text \<open>In logarithmic coordinates x = e^y the measure dt/t becomes Lebesgue measure, U_\<psi> f becomes
  the convolution of f \<circ> exp (restricted to [0,\<infinity>)) with \<psi>~ \<circ> exp, and the extension of
  f^\<times>_\<omega> becomes the weak* limit in L\<infinity>(\<real>), along \<omega>, of the translates of f \<circ> exp cut off
  at -s: on [-N,\<infinity>) this limit is glued from the limits along \<tau>^(-N) \<omega>, and the part below -N
  is controlled by the L\<infinity> bound, which weak* limits inherit. As \<psi>~ \<circ> exp is integrable and
  vanishes on the negative axis, Fubini moves the convolution from the translates onto the test
  function, so the translates of U_\<psi> f converge weakly* to the convolution of the limit with
  \<psi>~. Conversely, a weak* limit on the whole line yields every shifted limit that the
  definition of the extension asks for.\<close>

section \<open>The Haar measure in logarithmic coordinates\<close>

lemma emeasure_haar_Int_exp_Icc:
  assumes [measurable]: "A \<in> sets borel" and "a \<le> b"
  shows "emeasure haar (A \<inter> {exp a..exp b}) = emeasure lborel (exp -` A \<inter> {a..b})"
proof -
  have pos: "0 < x" if "exp a \<le> x" for x
    using that by (meson exp_gt_zero less_le_trans)
  have "emeasure haar (A \<inter> {exp a..exp b}) =
      (\<integral>\<^sup>+x. ennreal (indicator {0<..} x / x) * indicator (A \<inter> {exp a..exp b}) x \<partial>lborel)"
    unfolding haar_def by (rule emeasure_density) simp_all
  also have "\<dots> = (\<integral>\<^sup>+x. ennreal (indicator A x / x * indicator {exp a..exp b} x) \<partial>lborel)"
    by (intro nn_integral_cong) (auto simp: indicator_def dest: pos)
  also have "\<dots> = (\<integral>\<^sup>+x. ennreal (indicator A (exp x) / exp x * exp x * indicator {a..b} x) \<partial>lborel)"
    by (rule nn_integral_substitution[where g=exp and g'=exp])
      (auto intro!: derivative_eq_intros continuous_intros simp: set_borel_measurable_def \<open>a \<le> b\<close>)
  also have "\<dots> = (\<integral>\<^sup>+x. indicator (exp -` A \<inter> {a..b}) x \<partial>lborel)"
    by (intro nn_integral_cong) (simp add: indicator_def)
  also have "\<dots> = emeasure lborel (exp -` A \<inter> {a..b})"
    by simp
  finally show ?thesis .
qed

lemma haar_eq_distr_exp: "haar = distr lborel borel exp"
proof (rule measure_eqI)
  show "sets haar = sets (distr lborel borel exp)" by (simp add: haar_def)
  fix A assume "A \<in> sets haar"
  then have [measurable]: "A \<in> sets borel" by (simp add: haar_def)
  have [measurable]: "exp -` A \<in> sets borel"
    using measurable_sets_borel[of exp borel A] by simp
  let ?K = "\<lambda>n::nat. {exp (- real n)..exp (real n)}"
  have "emeasure haar A = emeasure haar (A \<inter> {0<..})"
    unfolding haar_def by (subst (1 2) emeasure_density) (auto intro!: nn_integral_cong simp: indicator_def)
  also have "A \<inter> {0<..} = (\<Union>n. A \<inter> ?K n)"
  proof (intro equalityI subsetI)
    fix x assume x: "x \<in> A \<inter> {0<..}"
    obtain n :: nat where "\<bar>ln x\<bar> \<le> real n" using real_arch_simple by blast
    then have "exp (ln x) \<in> ?K n" by (simp add: abs_le_iff)
    then have "x \<in> A \<inter> ?K n" using x by (metis IntD1 IntD2 IntI exp_ln greaterThan_iff)
    then show "x \<in> (\<Union>n. A \<inter> ?K n)" by blast
  next
    fix x assume "x \<in> (\<Union>n. A \<inter> ?K n)"
    then show "x \<in> A \<inter> {0<..}" by (auto intro: less_le_trans[OF exp_gt_zero])
  qed
  also have "emeasure haar \<dots> = (SUP n. emeasure haar (A \<inter> ?K n))"
  proof (intro SUP_emeasure_incseq[symmetric])
    show "incseq (\<lambda>n. A \<inter> ?K n)"
    proof (intro monoI Int_mono order_refl)
      fix m n :: nat assume "m \<le> n"
      then have "exp (- real n) \<le> exp (- real m)" "exp (real m) \<le> exp (real n)" by simp_all
      then show "?K m \<subseteq> ?K n" by auto
    qed
  qed (auto simp: haar_def)
  also have "\<dots> = (SUP n. emeasure lborel (exp -` A \<inter> {- real n..real n}))"
    by (simp add: emeasure_haar_Int_exp_Icc)
  also have "\<dots> = emeasure lborel (\<Union>n. exp -` A \<inter> {- real n..real n})"
    by (intro SUP_emeasure_incseq) (auto simp: incseq_def)
  also have "(\<Union>n. exp -` A \<inter> {- real n..real n}) = exp -` A"
  proof (intro equalityI subsetI)
    fix x assume "x \<in> exp -` A"
    moreover obtain n :: nat where "\<bar>x\<bar> \<le> real n" using real_arch_simple by blast
    ultimately have "x \<in> exp -` A \<inter> {- real n..real n}" by (simp add: abs_le_iff)
    then show "x \<in> (\<Union>n. exp -` A \<inter> {- real n..real n})" by blast
  qed blast
  finally show "emeasure haar A = emeasure (distr lborel borel exp) A"
    by (simp add: emeasure_distr)
qed

lemma integral_haar_exp:
  fixes g :: "real \<Rightarrow> 'a::{banach, second_countable_topology}"
  assumes [measurable]: "g \<in> borel_measurable borel"
  shows "(LINT x|haar. g x) = (LINT y|lborel. g (exp y))"
  by (simp add: haar_eq_distr_exp integral_distr)

lemma integrable_haar_iff_exp:
  fixes g :: "real \<Rightarrow> 'a::{banach, second_countable_topology}"
  assumes [measurable]: "g \<in> borel_measurable borel"
  shows "integrable haar g \<longleftrightarrow> integrable lborel (\<lambda>y. g (exp y))"
  by (simp add: haar_eq_distr_exp integrable_distr_eq)

lemma AE_haar_iff_exp:
  assumes [measurable]: "{x \<in> space borel. P x} \<in> sets borel"
  shows "(AE x in haar. P x) \<longleftrightarrow> (AE y in lborel. P (exp y))"
  unfolding haar_eq_distr_exp by (rule AE_distr_iff) simp_all

lemma haar1_eq_density_haar: "haar1 = density haar (\<lambda>t. ennreal (indicator {1..} t))"
  unfolding haar1_def haar_def
  by (subst density_density_eq)
    (auto intro!: density_cong simp: ennreal_mult'[symmetric] split: split_indicator)

lemma integral_haar1_exp:
  fixes g :: "real \<Rightarrow> complex"
  assumes [measurable]: "g \<in> borel_measurable borel"
  shows "(LINT t|haar1. g t) = (LINT y|lborel. indicator {0..} y * g (exp y))"
proof -
  have "(LINT t|haar1. g t) = (LINT t|haar. indicator {1..} t *\<^sub>R g t)"
    unfolding haar1_eq_density_haar by (rule integral_density) (auto simp: haar_def)
  also have "\<dots> = (LINT y|lborel. indicator {0..} y * g (exp y))"
    by (subst integral_haar_exp) (auto simp: indicator_def intro!: Bochner_Integration.integral_cong)
  finally show ?thesis .
qed

lemma integrable_haar1_iff_exp:
  fixes g :: "real \<Rightarrow> complex"
  assumes [measurable]: "g \<in> borel_measurable borel"
  shows "integrable haar1 g \<longleftrightarrow> integrable lborel (\<lambda>y. indicator {0..} y * g (exp y))"
proof -
  have "integrable haar1 g \<longleftrightarrow> integrable haar (\<lambda>t. indicator {1..} t *\<^sub>R g t)"
    unfolding haar1_eq_density_haar by (rule integrable_density) (auto simp: haar_def)
  also have "\<dots> \<longleftrightarrow> integrable lborel (\<lambda>y. indicator {0..} y * g (exp y))"
    by (subst integrable_haar_iff_exp)
      (auto simp: indicator_def intro!: Bochner_Integration.integrable_cong)
  finally show ?thesis .
qed

lemma AE_haar1_iff_exp:
  assumes [measurable]: "{x \<in> space borel. P x} \<in> sets borel"
  shows "(AE x in haar1. P x) \<longleftrightarrow> (AE y in lborel. 0 \<le> y \<longrightarrow> P (exp y))"
proof -
  have "(AE x in haar1. P x) \<longleftrightarrow> (AE x in haar. 0 < ennreal (indicator {1..} x) \<longrightarrow> P x)"
    unfolding haar1_eq_density_haar by (rule AE_density) (simp add: haar_def)
  also have "\<dots> \<longleftrightarrow> (AE y in lborel. 0 \<le> y \<longrightarrow> P (exp y))"
    by (subst AE_haar_iff_exp) (simp_all add: indicator_def)
  finally show ?thesis .
qed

### REQUIRED WORK
Beginning with the first line of the entries, repeat each line exactly until you have reproduced the one containing "vanishes on the", and add nothing further.

### YOUR RESPONSE
text \<open>In logarithmic coordinates x = e^y the measure dt/t becomes Lebesgue measure, U_\<psi> f becomes
  the convolution of f \<circ> exp (restricted to [0,\<infinity>)) with \<psi>~ \<circ> exp, and the extension of
  f^\<times>_\<omega> becomes the weak* limit in L\<infinity>(\<real>), along \<omega>, of the translates of f \<circ> exp cut off
  at -s: on [-N,\<infinity>) this limit is glued from the limits along \<tau>^(-N) \<omega>, and the part below -N
  is controlled by the L\<infinity> bound, which weak* limits inherit. As \<psi>~ \<circ> exp is integrable and
  vanishes on the negative axis, Fubini moves the convolution from the translates onto the test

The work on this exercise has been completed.